Lloyd Bonafide
Senior Member
- Joined
- Jan 15, 2006
- Professional Status
- Certified Residential Appraiser
- State
- California
Is it possible that banks are sometimes selling their non-performing loans at 20 to 30 cents on the dollar? That seems incredible to me. Maybe it's possible, in some areas where prices have already declined by 50%?
http://www.bloomberg.com/apps/news?pid=20601109&sid=acNLJ7FGT15U&refer=home
http://www.bloomberg.com/apps/news?pid=20601109&sid=acNLJ7FGT15U&refer=home
May 15 (Bloomberg) -- The way out of the worst U.S. housing slump since the 1930s goes through Angel Gutierrez.

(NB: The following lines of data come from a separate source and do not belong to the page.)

(* Let $\alpha>0$ be fixed, and for each integer $t\ge 1$ let $\mathbf{h}=[h_1\cdots h_t]^T\sim\mathrm{CN}(\mathbf{I}_t)$ and $\mathbf{h}_k=[h_1\cdots h_k]^T$. Define the full-CSI outage probability $\mathtt{out}(\mathtt{F})=\mathrm{P}(\|\mathbf{h}\|^2\le\alpha)$ and the open-loop outage probability $\mathtt{out}(\mathtt{G})=\mathrm{P}(\|\mathbf{h}_{\kappa}\|^2<\kappa\alpha)$, where $\kappa=\arg\min_{k\in\{1,\ldots,t\}}\mathrm{P}(\|\mathbf{h}_k\|^2<k\alpha)$ (ties broken in favor of the smallest $k$). Then, as $t\to\infty$: $\mathtt{out}(\mathtt{F})\in\Theta\!\left(\frac{\alpha^t}{t!}\right)$ for every $\alpha>0$; $\mathtt{out}(\mathtt{G})\in\Theta\!\left(\frac{(t\alpha)^t e^{-\alpha t}}{t!}\right)$ if $0<\alpha<1$; and $\mathtt{out}(\mathtt{G})\in\Theta(1)$ if $\alpha\ge 1$.
   Context: $\mathrm{CN}(\mathbf{I}_t)$ denotes the circularly-symmetric complex Gaussian vector with identity covariance, i.e. $h_1,\ldots,h_t$ are i.i.d. standard complex Gaussian. $\mathtt{out}(\mathtt{F})$ is the minimum outage probability of a MISO system with perfect transmitter and receiver channel knowledge (beamforming along $\mathbf{h}/\|\mathbf{h}\|$), and $\mathtt{out}(\mathtt{G})$ that of the optimal open-loop scheme (equal-power transmission on the first $\kappa$ antennas). $\Theta$ is the standard Bachmann–Landau symbol with respect to $t\to\infty$, $\alpha$ fixed. *)

theory Defs
  imports "HOL-Probability.Probability" "HOL-Library.Landau_Symbols"
begin

text \<open>Standard circularly-symmetric complex Gaussian CN(0,1): real and imaginary
  parts independent N(0,1/2).\<close>
definition cn_std :: "complex measure" where
  "cn_std = distr
     (density lborel (normal_density 0 (sqrt (1/2))) \<Otimes>\<^sub>M
      density lborel (normal_density 0 (sqrt (1/2))))
     borel (\<lambda>(x, y). Complex x y)"

text \<open>Law of h = [h_1 ... h_t]^T ~ CN(I_t); coordinates indexed 0..t-1.\<close>
definition h_law :: "nat \<Rightarrow> (nat \<Rightarrow> complex) measure" where
  "h_law t = (\<Pi>\<^sub>M i\<in>{0..<t}. cn_std)"

definition sqnorm_k :: "nat \<Rightarrow> (nat \<Rightarrow> complex) \<Rightarrow> real" where
  "sqnorm_k k h = (\<Sum>i<k. (cmod (h i))\<^sup>2)"

definition out_F :: "real \<Rightarrow> nat \<Rightarrow> real" where
  "out_F \<alpha> t = measure (h_law t) {h \<in> space (h_law t). sqnorm_k t h \<le> \<alpha>}"

definition p_open :: "real \<Rightarrow> nat \<Rightarrow> nat \<Rightarrow> real" where
  "p_open \<alpha> t k = measure (h_law t) {h \<in> space (h_law t). sqnorm_k k h < real k * \<alpha>}"

definition kappa :: "real \<Rightarrow> nat \<Rightarrow> nat" where
  "kappa \<alpha> t = (LEAST k. k \<in> {1..t} \<and> (\<forall>j\<in>{1..t}. p_open \<alpha> t k \<le> p_open \<alpha> t j))"

definition out_G :: "real \<Rightarrow> nat \<Rightarrow> real" where
  "out_G \<alpha> t = p_open \<alpha> t (kappa \<alpha> t)"

end

theory Submission
  imports Defs
begin

text \<open>Each \<open>|h\<^sub>i|\<^sup>2\<close> is exponentially distributed with mean 1, so \<open>\<parallel>h\<^sub>k\<parallel>\<^sup>2\<close> is Erlang of
  shape \<open>k\<close> and every outage probability is a Poisson tail,
  \<open>P(\<parallel>h\<^sub>k\<parallel>\<^sup>2 \<le> x) = e\<^sup>-\<^sup>x \<Sum>\<^bsub>n\<ge>k\<^esub> x\<^sup>n/n!\<close>.
  The tail lies between its first term \<open>x\<^sup>k/k!\<close> and \<open>e\<^sup>x x\<^sup>k/k!\<close>, and for \<open>x = k\<alpha>\<close> with
  \<open>\<alpha> < 1\<close> it is at most \<open>x\<^sup>k/k!/(1 - \<alpha>)\<close> by comparison with a geometric series; this gives
  \<open>out(F)\<close> at once. The first term \<open>(k\<alpha>)\<^sup>k e\<^sup>-\<^sup>k\<^sup>\<alpha>/k!\<close> decreases in \<open>k\<close>, so for \<open>\<alpha> < 1\<close> the
  open-loop minimum over \<open>k \<le> t\<close> is attained at \<open>k = t\<close> up to a constant factor. For
  \<open>\<alpha> \<ge> 1\<close> each candidate outage is at least the probability that a Poisson variable reaches
  its mean \<open>k\<close>, which is at least \<open>e\<^sup>-\<^sup>2\<close> by a Stirling-type upper bound on \<open>k!\<close>.\<close>

section \<open>The squared modulus of a standard complex Gaussian\<close>

lemma nn_integral_lborel_even:
  fixes f :: "real \<Rightarrow> ennreal"
  assumes [measurable]: "f \<in> borel_measurable borel" and even: "\<And>x. f (-x) = f x"
  shows "(\<integral>\<^sup>+x. f x \<partial>lborel) = 2 * (\<integral>\<^sup>+x. f x * indicator {0<..} x \<partial>lborel)"
proof -
  have "(\<integral>\<^sup>+x. f x \<partial>lborel) = (\<integral>\<^sup>+x. f x * indicator {0<..} x + f x * indicator {..0} x \<partial>lborel)"
    by (intro nn_integral_cong) (auto split: split_indicator)
  also have "\<dots> = (\<integral>\<^sup>+x. f x * indicator {0<..} x \<partial>lborel) + (\<integral>\<^sup>+x. f x * indicator {..0} x \<partial>lborel)"
    by (intro nn_integral_add) auto
  also have "(\<integral>\<^sup>+x. f x * indicator {..0} x \<partial>lborel) = (\<integral>\<^sup>+x. f (0 + (-1) * x) * indicator {..0} (0 + (-1) * x) \<partial>lborel)"
    using nn_integral_real_affine[of "\<lambda>x. f x * indicator {..0} x" "-1" 0] by simp
  also have "\<dots> = (\<integral>\<^sup>+x. f x * indicator {0..} x \<partial>lborel)"
    by (intro nn_integral_cong) (auto simp: even split: split_indicator)
  also have "\<dots> = (\<integral>\<^sup>+x. f x * indicator {0<..} x \<partial>lborel)"
    by (intro nn_integral_cong_AE AE_I[where N="{0}"]) (auto split: split_indicator)
  finally show ?thesis by (simp add: mult_2)
qed
definition Qd2 :: "'r mat" where
  "Qd2 = mat_of_cols_list 5 [
     [p 1 2 * a 2 3 - p 1 3 * a 2 2 + p 2 3 * a 2 1,
      - l 2 2 * p 1 2 - l 2 3 * p 1 3 + z2 * a 2 1,
      l 2 1 * p 1 2 - l 2 3 * p 2 3 + z2 * a 2 2,
      l 2 1 * p 1 3 + l 2 2 * p 2 3 + z2 * a 2 3,
      0],
     [- p 1 2 * a 1 3 + p 1 3 * a 1 2 - p 2 3 * a 1 1,
      p 1 2 * l 1 2 + p 1 3 * l 1 3 - z2 * a 1 1,
      - p 1 2 * l 1 1 + p 2 3 * l 1 3 - z2 * a 1 2,
      - p 1 3 * l 1 1 - p 2 3 * l 1 2 - z2 * a 1 3,
      0],
     [z1,
      l 1 2 * l 2 3 - l 1 3 * l 2 2,
      - (l 1 1 * l 2 3 - l 1 3 * l 2 1),
      l 1 1 * l 2 2 - l 1 2 * l 2 1,
      - z2],
     [a 1 2 * a 2 3 - a 1 3 * a 2 2,
      - (a 1 2 * l 2 2 - a 2 2 * l 1 2) - (a 1 3 * l 2 3 - a 2 3 * l 1 3) - z1,
      a 1 2 * l 2 1 - a 2 2 * l 1 1,
      a 1 3 * l 2 1 - a 2 3 * l 1 1,
      - p 2 3],
     [- (a 1 1 * a 2 3 - a 1 3 * a 2 1),
      a 1 1 * l 2 2 - a 2 1 * l 1 2,
      - (a 1 1 * l 2 1 - a 2 1 * l 1 1) - (a 1 3 * l 2 3 - a 2 3 * l 1 3) - z1,
      a 1 3 * l 2 2 - a 2 3 * l 1 2,
      p 1 3],
     [a 1 1 * a 2 2 - a 1 2 * a 2 1,
      a 1 1 * l 2 3 - a 2 1 * l 1 3,
      a 1 2 * l 2 3 - a 2 2 * l 1 3,
      - (a 1 1 * l 2 1 - a 2 1 * l 1 1) - (a 1 2 * l 2 2 - a 2 2 * l 1 2) - z1,
      - p 1 2]]"

definition Qd3 :: "'r mat" where
  "Qd3 = mat_of_rows_list 2 [
     [a 1 1 * l 1 1 + a 1 2 * l 1 2 + a 1 3 * l 1 3,
      a 1 1 * l 2 1 + a 1 2 * l 2 2 + a 1 3 * l 2 3 + z1],
     [a 2 1 * l 1 1 + a 2 2 * l 1 2 + a 2 3 * l 1 3 - z1,
      a 2 1 * l 2 1 + a 2 2 * l 2 2 + a 2 3 * l 2 3],
     [- a 1 1 * p 2 3 + a 1 2 * p 1 3 - a 1 3 * p 1 2,
      - a 2 1 * p 2 3 + a 2 2 * p 1 3 - a 2 3 * p 1 2],
     [- l 1 2 * p 1 2 - l 1 3 * p 1 3 + z2 * a 1 1,
      - l 2 2 * p 1 2 - l 2 3 * p 1 3 + z2 * a 2 1],
     [l 1 1 * p 1 2 - l 1 3 * p 2 3 + z2 * a 1 2,
      l 2 1 * p 1 2 - l 2 3 * p 2 3 + z2 * a 2 2],
     [l 1 1 * p 1 3 + l 1 2 * p 2 3 + z2 * a 1 3,
      l 2 1 * p 1 3 + l 2 2 * p 2 3 + z2 * a 2 3]]"

end

section \<open>The complex M (generic in the entries)\<close>

context
  fixes x y :: "nat \<Rightarrow> nat \<Rightarrow> 'r::comm_ring_1" and z :: "nat \<Rightarrow> nat \<Rightarrow> nat \<Rightarrow> 'r" and t :: 'r
begin

definition DM :: "nat \<Rightarrow> nat \<Rightarrow> nat \<Rightarrow> nat \<Rightarrow> 'r" where
  "DM i j k m = x i j * y k m - x k m * y i j"

definition Ma :: 'r where "Ma = x 1 2 * x 3 4 - x 1 3 * x 2 4 + x 1 4 * x 2 3"
definition Mb :: 'r where
  "Mb = x 1 2 * y 3 4 - x 1 3 * y 2 4 + x 1 4 * y 2 3 + y 1 2 * x 3 4 - y 1 3 * x 2 4 + y 1 4 * x 2 3"
definition Mc :: 'r where "Mc = y 1 2 * y 3 4 - y 1 3 * y 2 4 + y 1 4 * y 2 3"
definition Mu :: 'r where "Mu = Mb ^ 2 - 4 * Ma * Mc"

definition u123 :: 'r where
  "u123 = - 2 * z 2 3 4 * DM 1 2 1 3 + 2 * z 1 3 4 * DM 1 2 2 3 - 2 * z 1 2 4 * DM 1 3 2 3
          + z 1 2 3 * (DM 1 3 2 4 - DM 1 2 3 4 + DM 1 4 2 3)"
definition u124 :: 'r where
  "u124 = 2 * z 2 3 4 * DM 1 2 1 4 - 2 * z 1 3 4 * DM 1 2 2 4
          + z 1 2 4 * (DM 1 2 3 4 + DM 1 3 2 4 + DM 1 4 2 3) - 2 * z 1 2 3 * DM 1 4 2 4"
definition u134 :: 'r where
  "u134 = 2 * z 2 3 4 * DM 1 3 1 4 + z 1 3 4 * (- DM 1 2 3 4 - DM 1 3 2 4 + DM 1 4 2 3)
          + 2 * z 1 2 4 * DM 1 3 3 4 - 2 * z 1 2 3 * DM 1 4 3 4"
definition u234 :: 'r where
  "u234 = z 2 3 4 * (- DM 1 2 3 4 + DM 1 3 2 4 - DM 1 4 2 3) - 2 * z 1 3 4 * DM 2 3 2 4
          + 2 * z 1 2 4 * DM 2 3 3 4 - 2 * z 1 2 3 * DM 2 4 3 4"

definition Md1 :: "'r mat" where
  "Md1 = mat_of_rows_list 5 [[- u234 + t * z 2 3 4, - u134 + t * z 1 3 4, - u124 + t * z 1 2 4,
                             - u123 - t * z 1 2 3, - Mu + t ^ 2]]"

definition Md2 :: "'r mat" where
  "Md2 = mat_of_cols_list 5 [
     [- y 1 2 * z 1 3 4 + y 1 3 * z 1 2 4 - y 1 4 * z 1 2 3,
      y 1 2 * z 2 3 4 - y 2 3 * z 1 2 4 + y 2 4 * z 1 2 3,
      - y 1 3 * z 2 3 4 + y 2 3 * z 1 3 4 - y 3 4 * z 1 2 3,
      - y 1 4 * z 2 3 4 + y 2 4 * z 1 3 4 - y 3 4 * z 1 2 4,
      0],
     [- x 1 2 * z 1 3 4 + x 1 3 * z 1 2 4 - x 1 4 * z 1 2 3,
      x 1 2 * z 2 3 4 - x 2 3 * z 1 2 4 + x 2 4 * z 1 2 3,
      - x 1 3 * z 2 3 4 + x 2 3 * z 1 3 4 - x 3 4 * z 1 2 3,
      - x 1 4 * z 2 3 4 + x 2 4 * z 1 3 4 - x 3 4 * z 1 2 4,
      0],
     [- x 1 2 * y 3 4 + x 3 4 * y 1 2 + x 1 3 * y 2 4 - x 2 4 * y 1 3 - x 1 4 * y 2 3 + x 2 3 * y 1 4 + t,
      - 2 * (x 2 3 * y 2 4 - x 2 4 * y 2 3),
      2 * (x 2 3 * y 3 4 - x 3 4 * y 2 3),
      2 * (x 2 4 * y 3 4 - x 3 4 * y 2 4),
      - z 2 3 4],
     [2 * (x 1 3 * y 1 4 - x 1 4 * y 1 3),
      - x 1 2 * y 3 4 + x 3 4 * y 1 2 - x 1 3 * y 2 4 + x 2 4 * y 1 3 + x 1 4 * y 2 3 - x 2 3 * y 1 4 + t,
      2 * (x 1 3 * y 3 4 - x 3 4 * y 1 3),
      2 * (x 1 4 * y 3 4 - x 3 4 * y 1 4),
      - z 1 3 4],
     [- 2 * (x 1 2 * y 1 4 - x 1 4 * y 1 2),
      2 * (x 1 2 * y 2 4 - x 2 4 * y 1 2),
      - x 1 2 * y 3 4 + x 3 4 * y 1 2 - x 1 3 * y 2 4 + x 2 4 * y 1 3 - x 1 4 * y 2 3 + x 2 3 * y 1 4 - t,
      - 2 * (x 1 4 * y 2 4 - x 2 4 * y 1 4),
      z 1 2 4],
     [- 2 * (x 1 2 * y 1 3 - x 1 3 * y 1 2),
      2 * (x 1 2 * y 2 3 - x 2 3 * y 1 2),
      - 2 * (x 1 3 * y 2 3 - x 2 3 * y 1 3),
      x 1 2 * y 3 4 - x 3 4 * y 1 2 - x 1 3 * y 2 4 + x 2 4 * y 1 3 - x 1 4 * y 2 3 + x 2 3 * y 1 4 + t,
      z 1 2 3]]"

definition Md3 :: "'r mat" where
  "Md3 = mat_of_rows_list 2 [
     [x 1 2 * y 3 4 - x 1 3 * y 2 4 + x 1 4 * y 2 3 + x 3 4 * y 1 2 - x 2 4 * y 1 3 + x 2 3 * y 1 4 + t,
      2 * (x 1 2 * x 3 4 - x 1 3 * x 2 4 + x 1 4 * x 2 3)],
     [- 2 * (y 1 2 * y 3 4 - y 1 3 * y 2 4 + y 1 4 * y 2 3),
      - x 1 2 * y 3 4 + x 1 3 * y 2 4 - x 1 4 * y 2 3 - x 3 4 * y 1 2 + x 2 4 * y 1 3 - x 2 3 * y 1 4 + t],
     [- (- y 1 2 * z 1 3 4 + y 1 3 * z 1 2 4 - y 1 4 * z 1 2 3),
      - (- x 1 2 * z 1 3 4 + x 1 3 * z 1 2 4 - x 1 4 * z 1 2 3)],
     [- y 1 2 * z 2 3 4 + y 2 3 * z 1 2 4 - y 2 4 * z 1 2 3,
      - x 1 2 * z 2 3 4 + x 2 3 * z 1 2 4 - x 2 4 * z 1 2 3],
     [- y 1 3 * z 2 3 4 + y 2 3 * z 1 3 4 - y 3 4 * z 1 2 3,
      - x 1 3 * z 2 3 4 + x 2 3 * z 1 3 4 - x 3 4 * z 1 2 3],
     [- (- y 1 4 * z 2 3 4 + y 2 4 * z 1 3 4 - y 3 4 * z 1 2 4),
      - (- x 1 4 * z 2 3 4 + x 2 4 * z 1 3 4 - x 3 4 * z 1 2 4)]]"

end

definition QQ1 :: "(qvar, 'a::comm_ring_1) mpoly mat" where
  "QQ1 = Qd1 (\<lambda>i j. PVar (qa i j)) (\<lambda>i j. PVar (ql i j)) (\<lambda>i j. PVar (qpsi i j)) (PVar Z1) (PVar Z2)"
definition QQ2 :: "(qvar, 'a::comm_ring_1) mpoly mat" where
  "QQ2 = Qd2 (\<lambda>i j. PVar (qa i j)) (\<lambda>i j. PVar (ql i j)) (\<lambda>i j. PVar (qpsi i j)) (PVar Z1) (PVar Z2)"
definition QQ3 :: "(qvar, 'a::comm_ring_1) mpoly mat" where
  "QQ3 = Qd3 (\<lambda>i j. PVar (qa i j)) (\<lambda>i j. PVar (ql i j)) (\<lambda>i j. PVar (qpsi i j)) (PVar Z1) (PVar Z2)"

definition MM1 :: "(mvar, 'a::comm_ring_1) mpoly mat" where
  "MM1 = Md1 (\<lambda>i j. PVar (mx i j)) (\<lambda>i j. PVar (my i j)) (\<lambda>i j k. PVar (mz i j k)) (PVar T)"
definition MM2 :: "(mvar, 'a::comm_ring_1) mpoly mat" where
  "MM2 = Md2 (\<lambda>i j. PVar (mx i j)) (\<lambda>i j. PVar (my i j)) (\<lambda>i j k. PVar (mz i j k)) (PVar T)"
definition MM3 :: "(mvar, 'a::comm_ring_1) mpoly mat" where
  "MM3 = Md3 (\<lambda>i j. PVar (mx i j)) (\<lambda>i j. PVar (my i j)) (\<lambda>i j k. PVar (mz i j k)) (PVar T)"

text \<open>Complex 0 -> R^n3 --d3--> R^n2 --d2--> R^n1 --d1--> R^n0 (maps as matrices acting on
  column vectors).\<close>
definition complex3_iso :: "'r::comm_ring_1 mat \<Rightarrow> 'r mat \<Rightarrow> 'r mat \<Rightarrow> 'r mat \<Rightarrow> 'r mat \<Rightarrow> 'r mat \<Rightarrow> bool" where
  "complex3_iso d1 d2 d3 e1 e2 e3 \<longleftrightarrow>
     (\<exists>U0 U1 U2 U3.
        U0 \<in> carrier_mat (dim_row e1) (dim_row d1) \<and> U1 \<in> carrier_mat (dim_col e1) (dim_col d1) \<and>
        U2 \<in> carrier_mat (dim_col e2) (dim_col d2) \<and> U3 \<in> carrier_mat (dim_col e3) (dim_col d3) \<and>
        invertible_mat U0 \<and> invertible_mat U1 \<and> invertible_mat U2 \<and> invertible_mat U3 \<and>
        U0 * d1 = e1 * U1 \<and> U1 * d2 = e2 * U2 \<and> U2 * d3 = e3 * U3)"

end

theory Submission
  imports Defs
begin

(* The homomorphism mu substitutes a_1j, a_2j by the Pluecker coordinates x_1(j+1), y_1(j+1),
   l_1j, l_2j by twice the coordinates of x, y complementary to {1, j+1} (signed by the
   complementary permutation), psi_12, psi_13, psi_23 by z_123, z_124, z_134, z_2 by 2 z_234 and
   z_1 by t + <y,x> - <x,y>, where <x,y> = x_12 y_34 - x_13 y_24 + x_14 y_23.
   After this substitution each differential of Q agrees with the corresponding differential of
   M up to rescaling basis vectors by +-1 or +-2 and, in degree 3, swapping the two basis
   vectors; for the last entry of the first differential this is the identity
   4 <x,y> <y,x> + (<y,x> - <x,y>)^2 = (<x,y> + <y,x>)^2. Since 2 is a unit these base changes
   are invertible, and mu is onto because every variable of R0[M] is the image of an explicit
   polynomial involving 1/2. *)

section \<open>Substitution in polynomials\<close>

definition eval_monom :: "('v \<Rightarrow> 'b::comm_monoid_mult) \<Rightarrow> ('v \<Rightarrow>\<^sub>0 nat) \<Rightarrow> 'b" where
  "eval_monom \<sigma> m = (\<Prod>v\<in>Poly_Mapping.keys m. \<sigma> v ^ Poly_Mapping.lookup m v)"

definition subst_mpoly :: "('v \<Rightarrow> ('w, 'a::comm_ring_1) mpoly) \<Rightarrow> ('v, 'a) mpoly \<Rightarrow> ('w, 'a) mpoly"
  where "subst_mpoly \<sigma> p =
    (\<Sum>m\<in>Poly_Mapping.keys p. PConst (Poly_Mapping.lookup p m) * eval_monom \<sigma> m)"

lemma eval_monom_superset:
  assumes "finite S" "Poly_Mapping.keys m \<subseteq> S"
  shows "eval_monom \<sigma> m = (\<Prod>v\<in>S. \<sigma> v ^ Poly_Mapping.lookup m v)"
  unfolding eval_monom_def
  by (rule prod.mono_neutral_left) (use assms in \<open>auto simp: in_keys_iff\<close>)

lemma eval_monom_0 [simp]: "eval_monom \<sigma> 0 = 1"
  by (simp add: eval_monom_def)

lemma eval_monom_single: "eval_monom \<sigma> (Poly_Mapping.single v 1) = \<sigma> v"
  unfolding eval_monom_def by simp

lemma eval_monom_add: "eval_monom \<sigma> (m + n) = eval_monom \<sigma> m * eval_monom \<sigma> n"
proof -
  let ?S = "Poly_Mapping.keys m \<union> Poly_Mapping.keys n"
  have "Poly_Mapping.keys (m + n) \<subseteq> ?S" by (rule keys_add)
  then show ?thesis
    by (simp add: eval_monom_superset[of ?S] lookup_add power_add prod.distrib)
qed

lemma PConst_0 [simp]: "PConst 0 = 0"
  by (simp add: PConst_def)

lemma PConst_1 [simp]: "PConst 1 = 1"
  by (simp add: PConst_def)

lemma PConst_add: "PConst (a + b) = PConst a + PConst b"
  by (simp add: PConst_def single_add)

lemma PConst_mult: "PConst (a * b) = PConst a * PConst b"
  by (simp add: PConst_def mult_single)

lemma poly_mapping_sum_single:
  "(p :: 'k \<Rightarrow>\<^sub>0 'b::comm_monoid_add) =
     (\<Sum>m\<in>Poly_Mapping.keys p. Poly_Mapping.single m (Poly_Mapping.lookup p m))"
proof (rule poly_mapping_eqI)
  fix k
  have "(\<Sum>m\<in>Poly_Mapping.keys p. Poly_Mapping.lookup (Poly_Mapping.single m (Poly_Mapping.lookup p m)) k)
      = Poly_Mapping.lookup p k"
    by (simp add: lookup_single when_def sum.delta' in_keys_iff)
  then show "Poly_Mapping.lookup p k = Poly_Mapping.lookup
      (\<Sum>m\<in>Poly_Mapping.keys p. Poly_Mapping.single m (Poly_Mapping.lookup p m)) k"
    by (simp add: lookup_sum)
qed

lemma subst_mpoly_superset:
  assumes "finite S" "Poly_Mapping.keys p \<subseteq> S"
  shows "subst_mpoly \<sigma> p = (\<Sum>m\<in>S. PConst (Poly_Mapping.lookup p m) * eval_monom \<sigma> m)"
  unfolding subst_mpoly_def
  by (rule sum.mono_neutral_left) (use assms in \<open>auto simp: in_keys_iff\<close>)

lemma subst_mpoly_0 [simp]: "subst_mpoly \<sigma> 0 = 0"
  by (simp add: subst_mpoly_def)

lemma subst_mpoly_add: "subst_mpoly \<sigma> (p + q) = subst_mpoly \<sigma> p + subst_mpoly \<sigma> q"
proof -
  let ?S = "Poly_Mapping.keys p \<union> Poly_Mapping.keys q"
  have "Poly_Mapping.keys (p + q) \<subseteq> ?S" by (rule keys_add)
  then show ?thesis
    by (simp add: subst_mpoly_superset[of ?S] lookup_add PConst_add distrib_right sum.distrib)
qed

lemma subst_mpoly_sum: "subst_mpoly \<sigma> (sum f S) = (\<Sum>x\<in>S. subst_mpoly \<sigma> (f x))"
  by (induction S rule: infinite_finite_induct) (auto simp: subst_mpoly_add)

lemma subst_mpoly_single:
  "subst_mpoly \<sigma> (Poly_Mapping.single m c) = PConst c * eval_monom \<sigma> m"
  by (simp add: subst_mpoly_superset[of "{m}"])

lemma subst_mpoly_mult: "subst_mpoly \<sigma> (p * q) = subst_mpoly \<sigma> p * subst_mpoly \<sigma> q"
proof -
  have "p * q = (\<Sum>m\<in>Poly_Mapping.keys p. \<Sum>n\<in>Poly_Mapping.keys q.
      Poly_Mapping.single (m + n) (Poly_Mapping.lookup p m * Poly_Mapping.lookup q n))"
    by (subst poly_mapping_sum_single[of p], subst poly_mapping_sum_single[of q])
      (simp add: sum_product mult_single)
  then have "subst_mpoly \<sigma> (p * q) = (\<Sum>m\<in>Poly_Mapping.keys p. \<Sum>n\<in>Poly_Mapping.keys q.
      PConst (Poly_Mapping.lookup p m) * eval_monom \<sigma> m *
      (PConst (Poly_Mapping.lookup q n) * eval_monom \<sigma> n))"
    by (simp add: subst_mpoly_sum subst_mpoly_single eval_monom_add PConst_mult ac_simps)
  also have "\<dots> = subst_mpoly \<sigma> p * subst_mpoly \<sigma> q"
    by (simp add: subst_mpoly_def sum_product)
  finally show ?thesis .
qed

lemma subst_mpoly_1: "subst_mpoly \<sigma> 1 = 1"
  using subst_mpoly_single[of \<sigma> 0 1] by simp

lemma subst_mpoly_PConst [simp]: "subst_mpoly \<sigma> (PConst c) = PConst c"
  by (simp add: PConst_def subst_mpoly_single)

lemma subst_mpoly_PVar [simp]: "subst_mpoly \<sigma> (PVar v) = \<sigma> v"
  unfolding PVar_def subst_mpoly_single eval_monom_single by simp

lemma comm_ring_hom_subst_mpoly: "comm_ring_hom (subst_mpoly \<sigma>)"
  by unfold_locales (simp_all add: subst_mpoly_add subst_mpoly_mult subst_mpoly_1)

Gutierrez buys bad mortgages a dozen at a time for a fraction of their face value from lenders overwhelmed by the highest number of defaults in 23 years. When he goes door to door to negotiate lower payments for homeowners or pay them to move so he can sell the house, he's speeding up the recovery by establishing a price for the homes and flushing out the least reliable borrowers.
``You buy the mortgage for pennies on the dollar, carry the big stick, tell the homeowner how it's going to be, then double your money very easily,'' Gutierrez said.
Gutierrez and his wife Brenda, based in San Diego, are a two- person shop in an industry that is attracting deep-pocketed investors such as BlackRock Inc., which manages $1.36 trillion in assets. While Gutierrez said he can buy up to $300,000 of bad loans with his own money and has funding sources for about $1 million, New York-based BlackRock plans to raise $2 billion to invest in discount mortgages.
The homeowner was $365,000 under water after buying the house with no money down in June 2005, according to a spreadsheet listing about 30 loans for sale by a national mortgage servicer that Gutierrez referred to in his truck. If Gutierrez bought the note for 20 cents on the dollar, or $73,000, he could probably get the owner to leave by giving her $5,000 for moving expenses, then sell the home for about $150,000, well below even the neighborhood's declining market value, he said. That would leave him a profit of about $70,000.